McClatchy News has again convincingly demonstrated the complicity of mainstream corporate news media as the pliant propaganda arm of the US State Department. McClatchy reporter Tim Johnson wrote a brace of articles (1) based on what was clearly a brief visit to Managua, Nicaragua's capital. His articles add up to a superficial smear job against Nicaragua's Sandinista government and its leader Daniel Ortega.

These reports from McClatchy News are a kind of ersatz anti-news. They have the same relation to good, factual information as fast junk-food does to a healthy balanced diet. For McNews, as for its corporate competitors, satisfying investors, defending market share, keeping advertisers happy, stringing along with official government comment all seem to take priority over giving a true and fair view of events.

By now, the corporate anti-Sandinista litany on Nicaragua is quite familiar. Most McNews-style reports always have a giveaway to alert readers they are ingesting dense psy-warfare depleted-plutocracy junk. Tim Johnson's reports are no exceptions. Half way through the August 5th article entitled, “Despite constitution, Nicaragua's Ortega plans to stay in power”, Johnson reports “A slight paunch, a receding hairline and a bigger bank account distinguish Ortega from his days as a leader of the Sandinista front, which battled the U.S.-backed Contras and ruled from 1979 to 1990.”

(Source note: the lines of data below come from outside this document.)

(* Let $A$ be a nonempty finite set of $n$ alternatives. A choice rule $C$ on $A$ is (capacity-constrained) lexicographic if and only if it satisfies capacity-filling, gross substitutes, monotonicity, and the capacity-wise weak axiom of revealed preference (CWARP).
   Context: Let $\mathcal{A}$ be the set of all nonempty subsets of $A$. A choice rule is a map $C$ assigning to each $(S,q)\in\mathcal{A}\times\{1,\dots,n\}$ a nonempty set $C(S,q)\subseteq S$ with $|C(S,q)|\le q$; write $R(S,q)=S\setminus C(S,q)$. A priority ordering is a complete, transitive, antisymmetric binary relation on $A$; a priority profile is a list $(\succ_1,\dots,\succ_n)$ of $n$ priority orderings. $C$ is lexicographic for $(\succ_1,\dots,\succ_n)$ if for every $(S,q)$, $C(S,q)$ is obtained by choosing the $\succ_1$-highest alternative in $S$, then the $\succ_2$-highest among the remaining ones, and so on, until $q$ alternatives are chosen or none is left; $C$ is lexicographic if it is lexicographic for some priority profile. Capacity-filling: $|C(S,q)|=\min\{|S|,q\}$ for all $(S,q)$. Gross substitutes: for each $(S,q)$ and $a,b\in S$ with $a\ne b$, $a\in C(S,q)$ implies $a\in C(S\setminus\{b\},q)$. Monotonicity: $C(S,q)\subseteq C(S,q+1)$ for all $S\in\mathcal{A}$, $q\in\{1,\dots,n-1\}$. For $q\in\{2,\dots,n\}$, $a$ is revealed to be preferred to $b$ at $q$ if there is $S\in\mathcal{A}$ with $a,b\notin C(S,q-1)$, $a\in C(S,q)$ and $b\in R(S,q)$. CWARP: for each $q\in\{2,\dots,n\}$ and $a,b\in A$, if $a$ is revealed to be preferred to $b$ at $q$ then $b$ is not revealed to be preferred to $a$ at $q$. *)

theory Defs
  imports Main
begin

definition choice_rule :: "'a set \<Rightarrow> ('a set \<Rightarrow> nat \<Rightarrow> 'a set) \<Rightarrow> bool" where
  "choice_rule A C \<longleftrightarrow>
     (\<forall>S q. S \<subseteq> A \<and> S \<noteq> {} \<and> 1 \<le> q \<and> q \<le> card A \<longrightarrow>
        C S q \<noteq> {} \<and> C S q \<subseteq> S \<and> card (C S q) \<le> q)"

text \<open>A priority ordering on A: a complete, transitive, antisymmetric (hence reflexive)
  relation; (a,b) \<in> r means a has priority at least as high as b.\<close>
definition priority_ordering :: "'a set \<Rightarrow> 'a rel \<Rightarrow> bool" where
  "priority_ordering A r \<longleftrightarrow> r \<subseteq> A \<times> A \<and> linear_order_on A r"

definition top_of :: "'a rel \<Rightarrow> 'a set \<Rightarrow> 'a" where
  "top_of r S = (THE a. a \<in> S \<and> (\<forall>b\<in>S. (a, b) \<in> r))"

fun lex_pick :: "'a rel list \<Rightarrow> 'a set \<Rightarrow> 'a set" where
  "lex_pick [] S = {}"
| "lex_pick (r # rs) S =
     (if S = {} then {} else insert (top_of r S) (lex_pick rs (S - {top_of r S})))"

definition lexicographic_for :: "'a set \<Rightarrow> ('a set \<Rightarrow> nat \<Rightarrow> 'a set) \<Rightarrow> 'a rel list \<Rightarrow> bool" where
  "lexicographic_for A C P \<longleftrightarrow>
     length P = card A \<and> (\<forall>r\<in>set P. priority_ordering A r) \<and>
     (\<forall>S q. S \<subseteq> A \<and> S \<noteq> {} \<and> 1 \<le> q \<and> q \<le> card A \<longrightarrow> C S q = lex_pick (take q P) S)"

definition lexicographic :: "'a set \<Rightarrow> ('a set \<Rightarrow> nat \<Rightarrow> 'a set) \<Rightarrow> bool" where
  "lexicographic A C \<longleftrightarrow> (\<exists>P. lexicographic_for A C P)"

definition capacity_filling :: "'a set \<Rightarrow> ('a set \<Rightarrow> nat \<Rightarrow> 'a set) \<Rightarrow> bool" where
  "capacity_filling A C \<longleftrightarrow>
     (\<forall>S q. S \<subseteq> A \<and> S \<noteq> {} \<and> 1 \<le> q \<and> q \<le> card A \<longrightarrow> card (C S q) = min (card S) q)"

definition gross_substitutes :: "'a set \<Rightarrow> ('a set \<Rightarrow> nat \<Rightarrow> 'a set) \<Rightarrow> bool" where
  "gross_substitutes A C \<longleftrightarrow>
     (\<forall>S q a b. S \<subseteq> A \<and> S \<noteq> {} \<and> 1 \<le> q \<and> q \<le> card A \<and> a \<in> S \<and> b \<in> S \<and> a \<noteq> b
        \<and> a \<in> C S q \<longrightarrow> a \<in> C (S - {b}) q)"

definition monotonic :: "'a set \<Rightarrow> ('a set \<Rightarrow> nat \<Rightarrow> 'a set) \<Rightarrow> bool" where
  "monotonic A C \<longleftrightarrow>
     (\<forall>S q. S \<subseteq> A \<and> S \<noteq> {} \<and> 1 \<le> q \<and> q \<le> card A - 1 \<longrightarrow> C S q \<subseteq> C S (q + 1))"

definition revealed_pref :: "'a set \<Rightarrow> ('a set \<Rightarrow> nat \<Rightarrow> 'a set) \<Rightarrow> nat \<Rightarrow> 'a \<Rightarrow> 'a \<Rightarrow> bool" where
  "revealed_pref A C q a b \<longleftrightarrow>
     (\<exists>S. S \<subseteq> A \<and> S \<noteq> {} \<and> a \<notin> C S (q - 1) \<and> b \<notin> C S (q - 1)
          \<and> a \<in> C S q \<and> b \<in> S - C S q)"

definition CWARP :: "'a set \<Rightarrow> ('a set \<Rightarrow> nat \<Rightarrow> 'a set) \<Rightarrow> bool" where
  "CWARP A C \<longleftrightarrow>
     (\<forall>q a b. 2 \<le> q \<and> q \<le> card A \<and> a \<in> A \<and> b \<in> A \<and> revealed_pref A C q a b
        \<longrightarrow> \<not> revealed_pref A C q b a)"

end

theory Submission
  imports Defs "HOL-Library.Product_Lexorder"
begin

text \<open>Conversely, say that a is revealed preferred to b at capacity q if some S chooses a at q but
  not at q - 1 and rejects b at q. Capacity-filling and monotonicity make raising the capacity
  from q - 1 to q add exactly one element, gross substitutes make choices hereditary to subsets,
  and so CWARP (at q = 1: heredity and capacity-filling) makes this relation asymmetric; a
  three-element argument makes it transitive. Extending it to a linear order for every q gives
  a priority profile, and induction on q shows that C is lexicographic for it: the element added
  at capacity q is revealed preferred to every other remaining alternative, hence the top of the
  q-th ordering.\<close>

lemma priority_orderingD:
  assumes "priority_ordering A r"
  shows "r \<subseteq> A \<times> A" "refl_on A r" "trans r" "antisym r" "total_on A r"
  using assms
  unfolding priority_ordering_def linear_order_on_def partial_order_on_def preorder_on_def
  by auto

lemma priority_ordering_inv_image:
  fixes k :: "'a \<Rightarrow> 'b::linorder"
  assumes "inj_on k A"
  shows "priority_ordering A {(a, b). a \<in> A \<and> b \<in> A \<and> k a \<le> k b}"
  using assms
  unfolding priority_ordering_def linear_order_on_def partial_order_on_def preorder_on_def
    refl_on_def trans_def antisym_def total_on_def inj_on_def
  by (auto intro: order_trans antisym)

lemma strict_order_extension:
  assumes "finite A"
    and p_irrefl: "\<And>a. a \<in> A \<Longrightarrow> \<not> p a a"
    and p_trans: "\<And>a b c. a \<in> A \<Longrightarrow> b \<in> A \<Longrightarrow> c \<in> A \<Longrightarrow> p a b \<Longrightarrow> p b c \<Longrightarrow> p a c"
  shows "\<exists>r. priority_ordering A r \<and> (\<forall>a\<in>A. \<forall>b\<in>A. p a b \<longrightarrow> (a, b) \<in> r)"
proof -
  define h where "h a = card {c \<in> A. p c a}" for a
  have h_less: "h a < h b" if "a \<in> A" "b \<in> A" "p a b" for a b
  proof -
    have "{c \<in> A. p c a} \<subset> {c \<in> A. p c b}"
      using that p_irrefl p_trans by blast
    then show ?thesis
      unfolding h_def using \<open>finite A\<close> by (simp add: psubset_card_mono)
  qed
  obtain f :: "'a \<Rightarrow> nat" where "inj_on f A"
    using finite_imp_inj_to_nat_seg[OF \<open>finite A\<close>] by blast
  define k where "k a = (h a, f a)" for a
  have "inj_on k A"
    using \<open>inj_on f A\<close> unfolding k_def inj_on_def by simp
  moreover have "k a \<le> k b" if "a \<in> A" "b \<in> A" "p a b" for a b
    using h_less[OF that] unfolding k_def by (simp add: less_eq_prod_def)
  ultimately show ?thesis
    using priority_ordering_inv_image by blast
qed

lemma priority_ordering_has_top:
  assumes po: "priority_ordering A r" and "finite S" "S \<noteq> {}" "S \<subseteq> A"
  shows "\<exists>t\<in>S. \<forall>b\<in>S. (t, b) \<in> r"
  using \<open>finite S\<close> \<open>S \<noteq> {}\<close> \<open>S \<subseteq> A\<close>
proof (induction S rule: finite_ne_induct)
  case (singleton x)
  then show ?case using priority_orderingD(2)[OF po] by (auto simp: refl_on_def)
next
  case (insert x F)
  then obtain t where t: "t \<in> F" "\<forall>b\<in>F. (t, b) \<in> r" by auto
  have "x \<in> A" "t \<in> A" "x \<noteq> t" using insert t by auto
  show ?case
  proof (cases "(x, t) \<in> r")
    case True
    then have "\<forall>b\<in>insert x F. (x, b) \<in> r"
      using t \<open>x \<in> A\<close> priority_orderingD(2,3)[OF po] unfolding refl_on_def trans_def by blast
    then show ?thesis by blast
  next
    case False
    then have "(t, x) \<in> r"
      using priority_orderingD(5)[OF po] \<open>x \<in> A\<close> \<open>t \<in> A\<close> \<open>x \<noteq> t\<close>
      unfolding total_on_def by blast
    then show ?thesis using t by blast
  qed
qed

lemma top_of_eqI:
  assumes "priority_ordering A r" "t \<in> S" "\<forall>b\<in>S. (t, b) \<in> r"
  shows "top_of r S = t"
  unfolding top_of_def
proof (rule the_equality)
  fix a assume "a \<in> S \<and> (\<forall>b\<in>S. (a, b) \<in> r)"
  then show "a = t"
    using assms priority_orderingD(4)[OF assms(1)] unfolding antisym_def by blast
qed (use assms in blast)

lemma top_of_dominates:
  assumes "priority_ordering A r" "finite S" "S \<noteq> {}" "S \<subseteq> A"
  shows "top_of r S \<in> S" "\<forall>b\<in>S. (top_of r S, b) \<in> r"
proof -
  obtain t where "t \<in> S" "\<forall>b\<in>S. (t, b) \<in> r"
    using priority_ordering_has_top[OF assms] by blast
  with top_of_eqI[OF assms(1)] show "top_of r S \<in> S" "\<forall>b\<in>S. (top_of r S, b) \<in> r"
    by auto
qed

lemma lex_pick_empty [simp]: "lex_pick rs {} = {}"
  by (cases rs) auto

lemma lex_pick_subset:
  assumes "\<forall>r\<in>set rs. priority_ordering A r" "finite S" "S \<subseteq> A"
  shows "lex_pick rs S \<subseteq> S"
  using assms
proof (induction rs arbitrary: S)
  case (Cons r rs)
  show ?case
  proof (cases "S = {}")
    case False
    then have "top_of r S \<in> S"
      using Cons.prems top_of_dominates(1)[of A r S] by simp
    moreover have "lex_pick rs (S - {top_of r S}) \<subseteq> S - {top_of r S}"
      using Cons.IH[of "S - {top_of r S}"] Cons.prems by auto
    ultimately show ?thesis by auto
  qed simp
qed simp

lemma card_lex_pick:
  assumes "\<forall>r\<in>set rs. priority_ordering A r" "finite S" "S \<subseteq> A"
  shows "card (lex_pick rs S) = min (card S) (length rs)"
  using assms
proof (induction rs arbitrary: S)
  case (Cons r rs)
  show ?case
  proof (cases "S = {}")
    case False
    define t where "t = top_of r S"
    have "t \<in> S"
      using Cons.prems False top_of_dominates(1)[of A r S] by (simp add: t_def)
    have "lex_pick rs (S - {t}) \<subseteq> S - {t}"
      using Cons.prems lex_pick_subset[of rs A "S - {t}"] by auto
    then have "t \<notin> lex_pick rs (S - {t})" and "finite (lex_pick rs (S - {t}))"
      using \<open>finite S\<close> finite_subset by blast+
    then have "card (lex_pick (r # rs) S) = Suc (card (lex_pick rs (S - {t})))"
      using False by (simp add: t_def)
    also have "\<dots> = Suc (min (card S - 1) (length rs))"
      using Cons.IH[of "S - {t}"] Cons.prems \<open>t \<in> S\<close> by auto
    also have "\<dots> = min (card S) (length (r # rs))"
      using False \<open>finite S\<close> card_gt_0_iff[of S] by (auto simp: min_def)
    finally show ?thesis .
  qed simp
qed simp

lemma lex_pick_append_mono: "lex_pick rs S \<subseteq> lex_pick (rs @ rs') S"
  by (induction rs arbitrary: S) auto

lemma lex_pick_snoc:
  "lex_pick (rs @ [r]) S =
     lex_pick rs S \<union> (if S - lex_pick rs S = {} then {} else {top_of r (S - lex_pick rs S)})"
proof (induction rs arbitrary: S)
  case (Cons r' rs)
  show ?case
  proof (cases "S = {}")
    case False
    define t where "t = top_of r' S"
    have "S - lex_pick (r' # rs) S = (S - {t}) - lex_pick rs (S - {t})"
      using False by (auto simp: t_def)
    then show ?thesis
      using False Cons.IH[of "S - {t}"] by (simp add: t_def)
  qed simp
qed simp
definition schwartz :: "('a \<Rightarrow> real) \<Rightarrow> ('a \<Rightarrow> complex) set" where
  "schwartz w = {f. \<forall>N::nat. \<exists>C. \<forall>x. (1 + w x) ^ N * cmod (f x) \<le> C}"

fun w2 :: "idx2 \<Rightarrow> real" where
  "w2 (a, b) = real_of_int (\<bar>a\<bar> + \<bar>b\<bar>)"

fun w4 :: "idx4 \<Rightarrow> real" where
  "w4 (x, y) = w2 x + w2 y"

fun w6 :: "idx6 \<Rightarrow> real" where
  "w6 (x, y, z) = w2 x + w2 y + w2 z"

abbreviation "S2 \<equiv> schwartz w2"
abbreviation "S4 \<equiv> schwartz w4"
abbreviation "S6 \<equiv> schwartz w6"

definition dlt :: "'a \<Rightarrow> 'a \<Rightarrow> complex" where
  "dlt a = (\<lambda>x. if x = a then 1 else 0)"

text \<open>Twisted convolution: delta^x * delta^y = qh powi (beta x y) * delta^(x+y).\<close>
definition twmul :: "complex \<Rightarrow> ('a::ab_group_add \<Rightarrow> 'a \<Rightarrow> int) \<Rightarrow>
    ('a \<Rightarrow> complex) \<Rightarrow> ('a \<Rightarrow> complex) \<Rightarrow> ('a \<Rightarrow> complex)" where
  "twmul qh \<beta> f g = (\<lambda>z. \<Sum>\<^sub>\<infinity>x. f x * g (z - x) * qh powi (\<beta> x (z - x)))"

text \<open>T_q: delta^(m,n) delta^(k,l) = q^(-k n) delta^(m+k,n+l).\<close>
fun betaT :: "idx2 \<Rightarrow> idx2 \<Rightarrow> int" where
  "betaT (m, n) (k, l) = - 2 * k * n"

text \<open>P^2_q (exponent doubled): k2 n1/2 - k2 l1 - m1 l2/2 - n1 m2.\<close>
fun beta2 :: "idx4 \<Rightarrow> idx4 \<Rightarrow> int" where
  "beta2 ((k1, l1), (m1, n1)) ((k2, l2), (m2, n2)) =
     k2 * n1 - 2 * k2 * l1 - m1 * l2 - 2 * n1 * m2"

text \<open>P^3_q (exponent doubled), the cocycle determined by the stated relations with
  delta^(i,j,k,l,m,n) = U1^i V1^j U2^k V2^l U3^m V3^n.\<close>
fun beta3 :: "idx6 \<Rightarrow> idx6 \<Rightarrow> int" where
  "beta3 ((i, j), (k, l), (m, n)) ((i', j'), (k', l'), (m', n')) =
     - 2 * j * i' - k * j' + l * i' - 2 * l * k' - m * l' + n * k' - 2 * n * m'"
(* Let $(V,\nu)$ and $(W,\mu)$ be strongly complete PN-spaces and let $T\in B(V,W)$ be bijective. Then the inverse $T^{-1}:W\to V$ belongs to $B(W,V)$, i.e. it is a linear operator continuous for the strong topologies.
   Context: A distance distribution function is a map $F:[-\infty,+\infty]\to[0,1]$ that is nondecreasing, left-continuous on $\mathbb{R}$, with $F(-\infty)=0$, $F(+\infty)=1$ and $F(0)=0$; the set of these is $\Delta^+$. $\mathcal{D}^+\subseteq\Delta^+$ denotes the proper ones, i.e. those with $\lim_{x\to+\infty}F(x)=1$. $H_0\in\Delta^+$ is $H_0(x)=0$ for $x\le 0$ and $H_0(x)=1$ for $x>0$. For $F,G\in\Delta^+$ let $\tau_M(F,G)(x)=\sup\{\min(F(s),G(t)) : s+t=x\}$. In this paper a PN-space $(V,\nu)$ is a real vector space $V$ with a map $\nu:V\to\Delta^+$, $p\mapsto\nu_p$, such that for all $p,q\in V$: $\nu_p=H_0$ iff $p=0$; $\nu_{p+q}\ge\tau_M(\nu_p,\nu_q)$ pointwise; and $\nu_{\alpha p}(x)=\nu_p(x/|\alpha|)$ for all real $\alpha\neq0$ and $x\ge 0$. Standing assumption: $\nu_p\in\mathcal{D}^+$ for every $p\in V$. For $x\in V$ and $w\in(0,1)$ put $\|x\|_w=\sup\{t\in\mathbb{R}:\nu_x(t)<w\}$; for each $w$ this is a norm on $V$, and $w\mapsto\|x\|_w$ is nondecreasing. For $p\in V$, $r>0$, $w\in(0,1)$ put $B_w(p;r)=\{x\in V:\|x-p\|_w<r\}$. The strong topology on $V$ is generated by the neighbourhoods $N_p(t)=\{q\in V:\nu_{p-q}(t)>1-t\}$, $p\in V$, $t>0$; equivalently the family $\{B_w(p;r)\}$ is a basis for it. A sequence $(p_n)$ converges strongly to $p$ if for every $t>0$ one has $p_n\in N_p(t)$ for all large $n$; it is strongly Cauchy if for every $t>0$ there is $N$ with $\nu_{p_n-p_m}(t)>1-t$ for all $m,n>N$. $(V,\nu)$ is strongly complete if every strongly Cauchy sequence converges strongly. $B(V,W)$ denotes the set of linear operators $V\to W$ that are continuous for the strong topologies. *)

theory Defs
  imports "HOL-Analysis.Analysis"
begin

text \<open>Distance distribution functions, represented as maps from the extended reals to the reals.\<close>

definition ddf :: "(ereal \<Rightarrow> real) \<Rightarrow> bool" where
  "ddf F \<longleftrightarrow> (\<forall>x. 0 \<le> F x \<and> F x \<le> 1) \<and> mono F
     \<and> (\<forall>x::real. ((\<lambda>y. F (ereal y)) \<longlongrightarrow> F (ereal x)) (at_left x))
     \<and> F (-\<infinity>) = 0 \<and> F \<infinity> = 1 \<and> F 0 = 0"

definition proper_ddf :: "(ereal \<Rightarrow> real) \<Rightarrow> bool" where
  "proper_ddf F \<longleftrightarrow> ddf F \<and> ((\<lambda>x. F (ereal x)) \<longlongrightarrow> 1) at_top"

definition H0 :: "ereal \<Rightarrow> real" where
  "H0 x = (if x \<le> 0 then 0 else 1)"

text \<open>tau_M(F,G)(x) for real x (at x = +/-infinity the triangle inequality is automatic).\<close>
definition tauM :: "(ereal \<Rightarrow> real) \<Rightarrow> (ereal \<Rightarrow> real) \<Rightarrow> real \<Rightarrow> real" where
  "tauM F G x = (SUP s::real. min (F (ereal s)) (G (ereal (x - s))))"

definition PN_space :: "('a::real_vector \<Rightarrow> ereal \<Rightarrow> real) \<Rightarrow> bool" where
  "PN_space \<nu> \<longleftrightarrow>
     (\<forall>p. ddf (\<nu> p)) \<and>
     (\<forall>p. \<nu> p = H0 \<longleftrightarrow> p = 0) \<and>
     (\<forall>p q. \<forall>x::real. \<nu> (p + q) (ereal x) \<ge> tauM (\<nu> p) (\<nu> q) x) \<and>
     (\<forall>p (\<alpha>::real) (x::real). \<alpha> \<noteq> 0 \<and> x \<ge> 0 \<longrightarrow>
        \<nu> (\<alpha> *\<^sub>R p) (ereal x) = \<nu> p (ereal (x / \<bar>\<alpha>\<bar>)))"

definition proper_PN_space :: "('a::real_vector \<Rightarrow> ereal \<Rightarrow> real) \<Rightarrow> bool" where
  "proper_PN_space \<nu> \<longleftrightarrow> PN_space \<nu> \<and> (\<forall>p. proper_ddf (\<nu> p))"

definition strong_nbhd :: "('a::real_vector \<Rightarrow> ereal \<Rightarrow> real) \<Rightarrow> 'a \<Rightarrow> real \<Rightarrow> 'a set" where
  "strong_nbhd \<nu> p t = {q. \<nu> (p - q) (ereal t) > 1 - t}"

definition strong_top :: "('a::real_vector \<Rightarrow> ereal \<Rightarrow> real) \<Rightarrow> 'a topology" where
  "strong_top \<nu> = topology (\<lambda>U. \<forall>p\<in>U. \<exists>t>0. strong_nbhd \<nu> p t \<subseteq> U)"

definition strong_conv :: "('a::real_vector \<Rightarrow> ereal \<Rightarrow> real) \<Rightarrow> (nat \<Rightarrow> 'a) \<Rightarrow> 'a \<Rightarrow> bool" where
  "strong_conv \<nu> s p \<longleftrightarrow> (\<forall>t>0. \<exists>N. \<forall>n\<ge>N. s n \<in> strong_nbhd \<nu> p t)"

definition strong_Cauchy :: "('a::real_vector \<Rightarrow> ereal \<Rightarrow> real) \<Rightarrow> (nat \<Rightarrow> 'a) \<Rightarrow> bool" where
  "strong_Cauchy \<nu> s \<longleftrightarrow> (\<forall>t>0. \<exists>N. \<forall>m>N. \<forall>n>N. \<nu> (s n - s m) (ereal t) > 1 - t)"

definition strongly_complete :: "('a::real_vector \<Rightarrow> ereal \<Rightarrow> real) \<Rightarrow> bool" where
  "strongly_complete \<nu> \<longleftrightarrow> (\<forall>s. strong_Cauchy \<nu> s \<longrightarrow> (\<exists>p. strong_conv \<nu> s p))"

definition bounded_ops ::
  "('a::real_vector \<Rightarrow> ereal \<Rightarrow> real) \<Rightarrow> ('b::real_vector \<Rightarrow> ereal \<Rightarrow> real) \<Rightarrow> ('a \<Rightarrow> 'b) set" where
  "bounded_ops \<nu> \<mu> = {T. linear T \<and> continuous_map (strong_top \<nu>) (strong_top \<mu>) T}"

end

theory Submission
  imports Defs
begin

text \<open>
  The map \<open>fnorm \<nu> x = inf {t > 0. \<nu>\<^sub>x(t) > 1 - t}\<close> is an F-norm: it is subadditive,
  vanishes only at 0, does not increase under scalars of modulus at most 1, and
  \<open>fnorm \<nu> (x / n) \<rightarrow> 0\<close> because \<open>\<nu>\<^sub>x\<close> is proper. Its balls are sandwiched between the strong
  neighbourhoods, so the strong topology is the topology of the metric \<open>fnorm \<nu> (p - q)\<close> and
  strong completeness is metric completeness. The theorem thereby becomes Banach's inverse
  mapping theorem for complete F-normed spaces. By the Baire category theorem the closure of
  the image of every ball contains a ball around 0; successive approximation, summing
  corrections whose sizes decrease geometrically, then shows that the image of every ball
  itself contains a ball around 0, which is continuity of the inverse at 0.
\<close>

section \<open>F-normed spaces\<close>

locale fnormed_space =
  fixes N :: "'a::real_vector \<Rightarrow> real"
  assumes N_nonneg: "0 \<le> N x"
    and N_eq_0_iff: "N x = 0 \<longleftrightarrow> x = 0"
    and N_triangle: "N (x + y) \<le> N x + N y"
    and N_scaleR_le: "\<bar>c\<bar> \<le> 1 \<Longrightarrow> N (c *\<^sub>R x) \<le> N x"
    and N_divideR_tendsto_0: "(\<lambda>n. N (x /\<^sub>R real n)) \<longlonglongrightarrow> 0"
begin

lemma N_0 [simp]: "N 0 = 0"
  using N_eq_0_iff by simp

lemma N_minus [simp]: "N (- x) = N x"
  using N_scaleR_le[of "-1" x] N_scaleR_le[of "-1" "- x"] by simp

lemma N_diff_commute: "N (x - y) = N (y - x)"
  by (metis N_minus minus_diff_eq)

lemma N_diff_triangle: "N (x - z) \<le> N (x - y) + N (y - z)"
  using N_triangle[of "x - y" "y - z"] by simp

lemma N_sum_le: "N (sum f A) \<le> (\<Sum>i\<in>A. N (f i))"
proof (induction A rule: infinite_finite_induct)
  case (insert a A)
  then show ?case
    using N_triangle[of "f a" "sum f A"] by simp
qed simp_all

lemma N_of_nat_scaleR_le: "N (real k *\<^sub>R x) \<le> real k * N x"
  using N_sum_le[of "\<lambda>_. x" "{..<k}"] by (simp add: sum_constant_scaleR)

end

sublocale fnormed_space \<subseteq> Metric_space UNIV "\<lambda>x y. N (x - y)"
  by unfold_locales (auto simp: N_nonneg N_eq_0_iff N_diff_commute N_diff_triangle)

context fnormed_space
begin

lemma continuous_map_scaleR:
  assumes "\<bar>c\<bar> \<le> 1"
  shows "continuous_map mtopology mtopology (\<lambda>x. c *\<^sub>R x)"
proof -
  have "N (c *\<^sub>R a - c *\<^sub>R x) < \<epsilon>" if "N (a - x) < \<epsilon>" for a x \<epsilon>
    using N_scaleR_le[OF assms, of "a - x"] that by (simp add: scaleR_diff_right)
  then show ?thesis
    unfolding metric_continuous_map[OF Metric_space_axioms] by (metis UNIV_I image_subset_iff)
qed

lemma mball_0 [simp]: "mball 0 r = {x. N x < r}"
  by auto

lemma MCauchy_partial_sums:
  assumes summable: "summable (\<lambda>i. N (x i))"
  shows "MCauchy (\<lambda>n. \<Sum>i<n. x i)"
  unfolding MCauchy_def
proof (intro conjI allI impI)
  fix \<epsilon> :: real assume "0 < \<epsilon>"
  then obtain M where M: "\<And>m n. M \<le> m \<Longrightarrow> \<bar>\<Sum>i\<in>{m..<n}. N (x i)\<bar> < \<epsilon>"
    using summable unfolding summable_Cauchy real_norm_def by blast
  have ordered: "N ((\<Sum>i<n. x i) - (\<Sum>i<m. x i)) < \<epsilon>" if "M \<le> m" "m \<le> n" for m n
  proof -
    have "N ((\<Sum>i<n. x i) - (\<Sum>i<m. x i)) \<le> (\<Sum>i\<in>{m..<n}. N (x i))"
      using N_sum_le[of x "{m..<n}"] \<open>m \<le> n\<close>
      by (simp add: sum_diff_nat_ivl[of 0, symmetric] atLeast0LessThan)
    then show ?thesis
      using M[OF \<open>M \<le> m\<close>, of n] abs_ge_self[of "\<Sum>i\<in>{m..<n}. N (x i)"] by linarith
  qed
  have "N ((\<Sum>i<n. x i) - (\<Sum>i<m. x i)) < \<epsilon>" if "M \<le> m" "M \<le> n" for m n
  proof (cases "m \<le> n")
    case False
    have "N ((\<Sum>i<n. x i) - (\<Sum>i<m. x i)) = N ((\<Sum>i<m. x i) - (\<Sum>i<n. x i))"
      by (rule N_diff_commute)
    also have "\<dots> < \<epsilon>"
      using ordered[of n m] that False by simp
    finally show ?thesis .
  qed (use ordered that in simp)
  then show "\<exists>M. \<forall>n m. M \<le> n \<longrightarrow> M \<le> m \<longrightarrow> N ((\<Sum>i<n. x i) - (\<Sum>i<m. x i)) < \<epsilon>"
    by blast
qed simp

The factual sum total of that sentence is that Daniel Ortega is over thirty years older than he was in 1979 - hardly a scoop. Johnson laces the completely trivial factual content of the sentence with sly innuendo. After all, the only reason to mention that Daniel Ortega has “a bigger bank account” - as most people would do over their lifetime – is to imply that Ortega in some way illicitly enriched himself over the years.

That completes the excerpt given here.